Even though January saw most managers take a stumble, David Carruthers, principal at Mercer Investment Consulting, said late last month there would be a turnaround in relative performance between manager styles in 2008.

“Value managers, and long/ short funds which have lagged in the bull market should start to come through. The GMO Long/Short Equity Trust is a case in point,” he said.

That fund, already bottom of the first quartile against its long-only peers over the last three years, leapt to equal second with a 0.7 per cent showing in December, while the market shed 2.7 per cent.

“The managers who were simply riding on momentum have been caught out. What you really want to see now is which managers will sustain,” Carruthers said.

One manager defying the trend against long-only is SG Hiscock, whose concentrated SGH 20 Fund equalled GMO’s long/short fund during December, to ensure a survey-topping 50.1 per cent return for the year.

Robert Hook, head of the Australian equity portfolio at SG Hiscock, said overweight positions in BHP and Rio Tinto were big contributors. Hook said the fund had been underweight financials and property.

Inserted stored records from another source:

lemma has_real_derivative_Beta_cdf:
  fixes F :: "real \<Rightarrow> real" and \<rho> \<mu> :: real and n :: nat
  assumes F: "\<And>x. x > 1 \<Longrightarrow>
      F x = (real n - 1) * Beta ((\<rho> powr (x - 1) + real n - 1) / (\<rho> powr (x - 1) - 1)) (real n - 1)"
    and rho: "\<rho> > 1" and n: "n \<ge> 2" and mu: "\<mu> > 1"
  shows "(F has_real_derivative
          (real n * \<rho> powr (\<mu> - 1) * F \<mu> * ln \<rho> / (\<rho> powr (\<mu> - 1) - 1)\<^sup>2 *
            (Digamma (real n * \<rho> powr (\<mu> - 1) / (\<rho> powr (\<mu> - 1) - 1))
             - Digamma ((\<rho> powr (\<mu> - 1) + real n - 1) / (\<rho> powr (\<mu> - 1) - 1))))) (at \<mu>)"
proof -
  define t where "t = \<rho> powr (\<mu> - 1)"
  define g where "g = (\<lambda>x. (\<rho> powr (x - 1) + real n - 1) / (\<rho> powr (x - 1) - 1))"
  have t: "t > 1" using rho mu by (simp add: t_def)
  have g: "g \<mu> = (t + real n - 1) / (t - 1)" "g \<mu> + (real n - 1) = real n * t / (t - 1)"
    using t by (simp_all add: g_def t_def field_simps)
  then have "g \<mu> > 0" "g \<mu> + (real n - 1) > 0"
    using t n by simp_all
  then have "g \<mu> \<notin> \<int>\<^sub>\<le>\<^sub>0" "g \<mu> + (real n - 1) \<notin> \<int>\<^sub>\<le>\<^sub>0"
    by auto
  note Beta' = has_field_derivative_Beta1[OF this, where A = UNIV]
  have g': "(g has_real_derivative - (real n * t * ln \<rho>) / (t - 1)\<^sup>2) (at \<mu>)"
    unfolding g_def using rho t
    by (auto intro!: derivative_eq_intros simp: t_def field_simps power2_eq_square)
  have F\<mu>: "F \<mu> = (real n - 1) * Beta (g \<mu>) (real n - 1)"
    using F[OF mu] by (simp only: g_def)
  have "((\<lambda>x. (real n - 1) * Beta (g x) (real n - 1)) has_real_derivative
      (real n - 1) * (Beta (g \<mu>) (real n - 1) * (Digamma (g \<mu>) - Digamma (g \<mu> + (real n - 1)))
        * (- (real n * t * ln \<rho>) / (t - 1)\<^sup>2))) (at \<mu>)"
    by (rule DERIV_cmult[OF DERIV_chain2[OF Beta' g']])
  also have "(real n - 1) * (Beta (g \<mu>) (real n - 1) * (Digamma (g \<mu>) - Digamma (g \<mu> + (real n - 1)))
        * (- (real n * t * ln \<rho>) / (t - 1)\<^sup>2))
      = real n * t * F \<mu> * ln \<rho> / (t - 1)\<^sup>2 * (Digamma (g \<mu> + (real n - 1)) - Digamma (g \<mu>))"
    unfolding F\<mu> by (simp add: divide_simps) (simp add: algebra_simps)
  finally show ?thesis
    unfolding g(2) unfolding g(1) t_def
    by (rule has_field_derivative_transform_within_open[where S = "{1<..}"])
       (use mu F in \<open>auto simp: g_def\<close>)
qed

section \<open>Bounds and asymptotics for the quantile function\<close>

lemma quantile_between:
  fixes F :: "real \<Rightarrow> real"
  assumes "mono F" and "F x0 < q" and "q \<le> F x1"
  shows "x0 \<le> quantile F q \<and> quantile F q \<le> x1"
proof -
  have lower: "x0 \<le> x" if "q \<le> F x" for x
  proof (rule ccontr)
    assume "\<not> x0 \<le> x"
    then have "F x \<le> F x0" using monoD[OF assms(1)] by simp
    then show False using assms(2) that by simp
  qed
  then have "bdd_below {x. q \<le> F x}" by (auto simp: bdd_below_def)
  then show ?thesis
    using assms(3) lower unfolding quantile_def by (auto intro: cInf_lower cInf_greatest)
qed
lemma rhoQ_clique_join_graph_eq_root:
  fixes n s :: nat and r :: real
  assumes "s \<ge> 2" and "2 * s \<le> n"
    and root: "quotient_char_poly n s r = 0" and "r > 2 * real n - 2 * real s"
  shows "rhoQ (clique_join_graph s (n - 2 * s + 1) (s - 1)) = r"
proof -
  define D1 where "D1 = r - (2 * real n - 3 * real s)"
  define D2 where "D2 = r - real s"
  have "D1 > 0" "D2 > 0"
    using assms by (simp_all add: D1_def D2_def)
  have m: "real (n - 2 * s + 1) = real n - 2 * real s + 1" and z: "real (s - 1) = real s - 1"
    using assms by (simp_all add: of_nat_diff)
  show ?thesis
  proof (rule rhoQ_clique_join_graph_eq[where b = "real s / D1" and c = "real s / D2"])
    show "s \<ge> 1" "real s / D1 > 0" "real s / D2 > 0"
      using assms \<open>D1 > 0\<close> \<open>D2 > 0\<close> by simp_all
    have complete_degree: "real s + 2 * real (n - 2 * s + 1) - 2 = r - D1"
      using m by (simp add: D1_def)
    show "real s + (real s + 2 * real (n - 2 * s + 1) - 2) * (real s / D1) = r * (real s / D1)"
      unfolding complete_degree using \<open>D1 > 0\<close> by (simp add: field_simps)
    have r_eq: "r = D2 + real s"
      by (simp add: D2_def)
    show "real s + real s * (real s / D2) = r * (real s / D2)"
      unfolding r_eq using \<open>D2 > 0\<close> by (simp add: field_simps)
    have "(r - (real n + real s - 2)) * D1 * D2 - real (n - 2 * s + 1) * real s * D2
            - real (s - 1) * real s * D1 = quotient_char_poly n s r"
      unfolding m z by (simp add: quotient_char_poly_def D1_def D2_def algebra_simps)
    with root have "(r - (real n + real s - 2)) * D1 * D2 - real (n - 2 * s + 1) * real s * D2
            - real (s - 1) * real s * D1 = 0"
      by simp
    then have "real n - 1 + (real s - 1) + real (n - 2 * s + 1) * (real s / D1)
                 + real (s - 1) * (real s / D2) = r"
      using \<open>D1 > 0\<close> \<open>D2 > 0\<close> by (simp add: field_simps)
    moreover have "real (s + (n - 2 * s + 1) + (s - 1)) = real n"
      using assms by simp
    ultimately show "real (s + (n - 2 * s + 1) + (s - 1)) - 1 + (real s - 1)
        + real (n - 2 * s + 1) * (real s / D1) + real (s - 1) * (real s / D2) = r"
      by simp
  qed
qed

lemma quotient_char_poly_at_2n_minus_2s:
  "quotient_char_poly n s (2 * n - 2 * s) = - 2 * s * (s - 1) * (n - s)"
  by (simp add: quotient_char_poly_def algebra_simps)

lemma quotient_char_poly_at_3n_minus_2s_pos:
  assumes "s \<ge> 1" and "2 * s \<le> n"
  shows "quotient_char_poly n s (3 * n - 2 * s) > 0"
proof -
  have "quotient_char_poly n s (3 * n - 2 * s)
      = 6 * n\<^sup>2 * (n - 2 * s) + 2 * n * (3 * n - s) + 2 * n * s\<^sup>2 + 2 * s\<^sup>2 * (s - 1)"
    by (simp add: quotient_char_poly_def algebra_simps power2_eq_square)
  moreover have "2 * n * (3 * n - s) > 0"
    using assms by simp
  moreover have "6 * n\<^sup>2 * (n - 2 * s) \<ge> 0" "2 * n * s\<^sup>2 \<ge> 0" "2 * s\<^sup>2 * (s - 1) \<ge> 0"
    using assms by simp_all
  ultimately show ?thesis
    by linarith
qed

lemma quotient_char_poly_diff:
  "quotient_char_poly n s (2 * n - 2 * d + t) - quotient_char_poly n d (2 * n - 2 * d + t) =
     (s - d) * (t\<^sup>2 + (5 * n - 4 * s - 8 * d + 4) * t
       + (4 * n\<^sup>2 - 4 * n * s - 14 * n * d + 10 * n - 2 * s\<^sup>2 + 6 * s * d - 2 * s + 10 * d\<^sup>2 - 10 * d))"
  by (simp add: quotient_char_poly_def algebra_simps power2_eq_square)
lemma sl_inter_heis_part: "0 < n \<Longrightarrow> sl n \<inter> heis_part n = {0}"
proof (intro equalityI subsetI)
  fix X
  assume n: "0 < n" and "X \<in> sl n \<inter> heis_part n"
  then obtain c S where X: "X \<in> sl n" and S: "S \<in> s_space n" and XcS: "X = msc c (Imat n) + S"
    unfolding heis_part_def by auto
  have "- c * of_nat n * Imat_coeff n = X n n"
    using s_spaceD[OF S, of n n] by (simp add: XcS Imat_eq)
  also have "\<dots> = 0"
    using slD[OF X] by simp
  finally have "c = 0"
    using Imat_coeff_nonzero[OF n] n by simp
  then have "X i j = 0" for i j
    using slD[OF X] s_spaceD[OF S, of i j]
    by (cases "(i < n \<and> j = n) \<or> (i = n \<and> j < n)") (auto simp: XcS)
  then show "X \<in> {0}"
    by (simp add: fun_eq_iff)
next
  show "X \<in> sl n \<inter> heis_part n" if "X \<in> {0}" for X
    using that sl_zero subspace_c_heis_part by (simp add: subspace_c_def)
qed

lemma sl_Suc_decomp:
  assumes "0 < n" "X \<in> sl (Suc n)"
  shows "\<exists>A\<in>sl n. \<exists>H\<in>heis_part n. X = A + H"
proof -
  have "X = compSl n X + (PrCI n X + compS n X)"
    by (simp add: compSl_def fun_eq_iff)
  moreover have "PrCI n X + compS n X \<in> heis_part n"
    unfolding heis_part_def PrCI_def using compS_in_s_space by blast
  ultimately show ?thesis
    using compSl_in_sl[OF assms] by blast
qed

lemma semidirect_mu_inf: "0 < n \<Longrightarrow> semidirect (sl (Suc n)) (mu_inf n) (sl n) (heis_part n)"
  unfolding semidirect_def
  using subalgebra_sl lie_ideal_heis_part sl_inter_heis_part sl_Suc_decomp by blast

lemma mu_coeff_nonzero:
  assumes "2 \<le> n"
  shows "mu_coeff n \<noteq> 0"
proof -
  have "real n ^ 2 \<ge> 2 ^ 2"
    using assms by (intro power_mono) auto
  then have "(real n ^ 2 - 2) / (real n * (real n + 1)) > 0"
    using assms by simp
  then show ?thesis
    using assms \<open>real n ^ 2 \<ge> 2 ^ 2\<close> by (simp add: mu_coeff_def)
qed

lemma emat_col_in_s_space: "i < n \<Longrightarrow> emat i n \<in> s_space n"
  by (rule s_spaceI) (auto simp: emat_def)

lemma emat_row_in_s_space: "i < n \<Longrightarrow> emat n i \<in> s_space n"
  by (rule s_spaceI) (auto simp: emat_def)

lemma comm_emat_col_row:
  "i < n \<Longrightarrow> j < n
    \<Longrightarrow> comm (Suc n) (emat i n) (emat n j) = emat i j - (if i = j then emat n n else 0)"
  by (simp add: comm_eq mmul_emat)

lemma comm_emat_col_col: "i < n \<Longrightarrow> j < n \<Longrightarrow> comm (Suc n) (emat i n) (emat j n) = 0"
  by (simp add: comm_eq mmul_emat)

lemma comm_emat_row_row: "i < n \<Longrightarrow> j < n \<Longrightarrow> comm (Suc n) (emat n i) (emat n j) = 0"
  by (simp add: comm_eq mmul_emat)

definition heis_center :: "nat \<Rightarrow> cmat" where
  "heis_center n = msc (mu_coeff n * (of_nat n + 1) * Imat_coeff n) (Imat n)"

lemma mu_inf_emat_col_row:
  assumes "0 < n" "i < n" "j < n"
  shows "mu_inf n (emat i n) (emat n j) = (if i = j then heis_center n else 0)"
proof -
  have "comm (Suc n) (emat i n) (emat n j) n n = - (if i = j then 1 else 0)"
    using assms by (simp add: comm_emat_col_row) (simp add: emat_def)
  then have "PrCI n (comm (Suc n) (emat i n) (emat n j))
      = msc (if i = j then (of_nat n + 1) * Imat_coeff n else 0) (Imat n)"
    using assms(1) by (simp add: PrCI_eq hs_Imat_sl comm_in_sl algebra_simps)
  then show ?thesis
    using assms by (simp add: mu_inf_s_space_s_space emat_col_in_s_space emat_row_in_s_space
        heis_center_def msc_msc mult.assoc)
qed

lemma mu_inf_emat_col_col: "i < n \<Longrightarrow> j < n \<Longrightarrow> mu_inf n (emat i n) (emat j n) = 0"
  by (simp add: mu_inf_s_space_s_space emat_col_in_s_space comm_emat_col_col)

lemma mu_inf_emat_row_row: "i < n \<Longrightarrow> j < n \<Longrightarrow> mu_inf n (emat n i) (emat n j) = 0"
  by (simp add: mu_inf_s_space_s_space emat_row_in_s_space comm_emat_row_row)

lemma heis_center_in_heis_part: "heis_center n \<in> heis_part n"
  unfolding heis_part_def heis_center_def using zero_in_s_space by force

lemma s_space_in_heis_part: "S \<in> s_space n \<Longrightarrow> S \<in> heis_part n"
  unfolding heis_part_def by force
text \<open>Applied with \<open>a = y w\<^sup>T x\<close>, \<open>c = (w - w\<^sub>*)\<^sup>T x\<close>, so that \<open>a - y c = y w\<^sub>*\<^sup>T x\<close>. Exp-concavity only
  yields the curvature term \<open>beta/2 (g c y)\<^sup>2\<close>; the missing \<open>beta/2 (g c)\<^sup>2 (1 - y\<^sup>2)\<close> is paid for
  by the slack \<open>(1 - \<bar>y\<bar>) \<bar>g c\<bar>\<close> in the linear term.\<close>
lemma exp_concave_margin_bound:
  fixes l :: "real \<Rightarrow> real"
  assumes conc: "concave_on {-R..R} (\<lambda>z. exp (- alpha * l z))" and alpha: "alpha > 0"
    and deriv: "(l has_real_derivative g) (at a)"
    and a: "\<bar>a\<bar> \<le> R" and b: "\<bar>a - y * c\<bar> \<le> R" and y: "\<bar>y\<bar> \<le> 1"
    and beta: "0 \<le> beta" "beta \<le> alpha / 2" "beta * \<bar>g * c\<bar> \<le> 1 / 4"
  shows "l a - l (a - y * c) + beta / 2 * (g * c)\<^sup>2 \<le> \<bar>g * c\<bar>"
proof -
  define p where "p = \<bar>g * c\<bar>"
  have "\<bar>g * (a - y * c - a)\<bar> = \<bar>y\<bar> * p" by (simp add: p_def abs_mult)
  also have "\<dots> \<le> p" using y by (simp add: p_def mult_left_le_one_le)
  finally have "beta * \<bar>g * (a - y * c - a)\<bar> \<le> 1 / 4"
    using beta by (smt (verit) p_def mult_left_mono)
  moreover have "beta / alpha \<le> 1 / 2" using alpha beta by (simp add: divide_simps)
  ultimately have "l a + g * (a - y * c - a) + beta / 2 * (g * (a - y * c - a))\<^sup>2 \<le> l (a - y * c)"
    using a b by (intro exp_concave_quadratic_lower_bound[OF conc alpha _ _ deriv beta(1)]) auto
  moreover have "g * (a - y * c - a) = - (g * y * c)" by simp
  moreover have "beta / 2 * (g * (a - y * c - a))\<^sup>2 = beta / 2 * (g * c)\<^sup>2 * y\<^sup>2"
    by (simp add: power2_eq_square)
  moreover have "beta / 2 * (g * c)\<^sup>2 * (1 - y\<^sup>2) = beta / 2 * (g * c)\<^sup>2 - beta / 2 * (g * c)\<^sup>2 * y\<^sup>2"
    by (simp add: right_diff_distrib)
  ultimately have "l a - l (a - y * c) + beta / 2 * (g * c)\<^sup>2 \<le> g * y * c + beta / 2 * (g * c)\<^sup>2 * (1 - y\<^sup>2)"
    by linarith
  also have "\<dots> \<le> p * \<bar>y\<bar> + p / 8 * (1 - y\<^sup>2)"
  proof (rule add_mono)
    show "g * y * c \<le> p * \<bar>y\<bar>" by (simp add: p_def abs_mult) (metis abs_ge_self abs_mult mult.commute mult.left_commute)
    have "beta * (g * c)\<^sup>2 = beta * p * p" by (simp add: p_def power2_eq_square abs_mult_self_eq)
    also have "\<dots> \<le> 1 / 4 * p" using beta(3) by (intro mult_right_mono) (auto simp: p_def)
    finally show "beta / 2 * (g * c)\<^sup>2 * (1 - y\<^sup>2) \<le> p / 8 * (1 - y\<^sup>2)"
      using y by (intro mult_right_mono) (auto simp: abs_square_le_1)
  qed
  also have "\<dots> \<le> p"
  proof -
    have "0 \<le> p * ((1 - \<bar>y\<bar>) * (7 - \<bar>y\<bar>))" using y by (simp add: p_def)
    moreover have "y\<^sup>2 = \<bar>y\<bar> * \<bar>y\<bar>" by (simp add: power2_eq_square abs_mult_self_eq)
    ultimately show ?thesis by (simp add: algebra_simps field_simps)
  qed
  finally show ?thesis by (simp add: p_def)
qed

“We just thought there were companies with better earnings growth elsewhere,” he said. “We’ve never had an LPT.” Hook said energy companies such as WorleyParsons and health companies like Ramsay and CSL had helped sustain the fund during December’s downturn.

Another long-only concentrated fund hoping to defy beta in 2008 is Lazard Asset Management’s Select Australian Equity Fund, a value-biased product which along with Lazard’s benchmark-aware fund finished in the bottom five of all local share funds for 2007.

Rob Prugue, Australian chief executive at Lazard AM, was vocal against what he perceived to be overpriced companies like BHP during 2007. In January he was somewhat vindicated, and said much of last year’s relative underperformance had been clawed back. “Value managers are better at preserving capital in a correcting market than they are at accumulating capital in an excessive bull,” he said.

For the month of December, Lazard Select has had the sixth best return of an Australian equities manager – zero.